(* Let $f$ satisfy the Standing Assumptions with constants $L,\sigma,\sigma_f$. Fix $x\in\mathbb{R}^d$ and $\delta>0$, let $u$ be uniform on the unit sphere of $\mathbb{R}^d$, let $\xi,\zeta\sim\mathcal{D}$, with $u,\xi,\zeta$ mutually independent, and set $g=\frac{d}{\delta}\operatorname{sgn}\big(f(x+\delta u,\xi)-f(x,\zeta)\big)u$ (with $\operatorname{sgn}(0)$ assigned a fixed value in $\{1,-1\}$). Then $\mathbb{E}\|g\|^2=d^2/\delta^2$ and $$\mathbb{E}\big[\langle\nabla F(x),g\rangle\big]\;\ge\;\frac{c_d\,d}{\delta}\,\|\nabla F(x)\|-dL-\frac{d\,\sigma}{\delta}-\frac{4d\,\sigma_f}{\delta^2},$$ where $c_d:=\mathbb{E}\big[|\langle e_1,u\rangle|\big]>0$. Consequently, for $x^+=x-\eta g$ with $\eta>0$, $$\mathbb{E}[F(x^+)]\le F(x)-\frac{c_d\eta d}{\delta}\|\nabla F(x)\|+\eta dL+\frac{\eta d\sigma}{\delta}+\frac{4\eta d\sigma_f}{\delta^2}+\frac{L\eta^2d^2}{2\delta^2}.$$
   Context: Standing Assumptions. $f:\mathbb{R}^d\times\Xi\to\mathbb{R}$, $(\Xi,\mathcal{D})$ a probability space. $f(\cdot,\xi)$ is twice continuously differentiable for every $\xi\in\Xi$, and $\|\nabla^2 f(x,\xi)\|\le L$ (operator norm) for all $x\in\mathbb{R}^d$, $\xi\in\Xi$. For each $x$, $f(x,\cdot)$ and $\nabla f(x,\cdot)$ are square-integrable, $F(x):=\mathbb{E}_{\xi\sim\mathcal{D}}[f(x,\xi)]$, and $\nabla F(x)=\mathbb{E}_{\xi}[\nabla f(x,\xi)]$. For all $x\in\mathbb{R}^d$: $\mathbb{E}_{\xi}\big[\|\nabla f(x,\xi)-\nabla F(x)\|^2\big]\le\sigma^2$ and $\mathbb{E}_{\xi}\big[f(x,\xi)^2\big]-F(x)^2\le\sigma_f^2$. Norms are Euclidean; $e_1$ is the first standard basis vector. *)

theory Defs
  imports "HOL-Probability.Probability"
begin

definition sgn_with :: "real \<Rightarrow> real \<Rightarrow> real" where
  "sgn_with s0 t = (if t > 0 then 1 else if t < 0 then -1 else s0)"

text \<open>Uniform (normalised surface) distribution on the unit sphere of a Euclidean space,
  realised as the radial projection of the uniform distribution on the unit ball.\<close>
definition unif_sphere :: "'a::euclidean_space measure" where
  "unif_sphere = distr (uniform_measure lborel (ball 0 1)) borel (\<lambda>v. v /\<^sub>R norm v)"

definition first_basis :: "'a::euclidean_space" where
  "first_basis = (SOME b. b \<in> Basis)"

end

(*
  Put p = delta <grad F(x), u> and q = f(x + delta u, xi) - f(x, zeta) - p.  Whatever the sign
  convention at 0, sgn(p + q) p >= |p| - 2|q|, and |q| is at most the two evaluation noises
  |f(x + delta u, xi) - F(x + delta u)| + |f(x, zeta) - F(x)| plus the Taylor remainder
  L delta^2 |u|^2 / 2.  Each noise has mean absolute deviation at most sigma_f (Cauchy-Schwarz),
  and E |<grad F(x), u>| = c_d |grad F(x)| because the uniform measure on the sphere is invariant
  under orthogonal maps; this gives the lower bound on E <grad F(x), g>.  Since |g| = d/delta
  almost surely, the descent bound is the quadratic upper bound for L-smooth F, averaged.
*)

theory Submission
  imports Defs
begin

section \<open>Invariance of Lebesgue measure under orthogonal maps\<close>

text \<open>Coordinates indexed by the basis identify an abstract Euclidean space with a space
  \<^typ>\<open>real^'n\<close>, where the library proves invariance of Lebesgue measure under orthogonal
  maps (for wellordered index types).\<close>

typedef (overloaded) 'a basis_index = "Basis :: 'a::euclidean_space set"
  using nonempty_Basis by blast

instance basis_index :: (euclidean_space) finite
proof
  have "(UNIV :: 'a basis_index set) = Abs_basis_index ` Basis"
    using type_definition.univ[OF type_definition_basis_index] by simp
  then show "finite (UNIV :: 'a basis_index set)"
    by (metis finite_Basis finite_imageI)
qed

====

Copy whichever lines in the listing above contain the word "bound".

**TASK SOLUTION**
  under orthogonal maps; this gives the lower bound on E <grad F(x), g>.  Since |g| = d/delta
  almost surely, the descent bound is the quadratic upper bound for L-smooth F, averaged.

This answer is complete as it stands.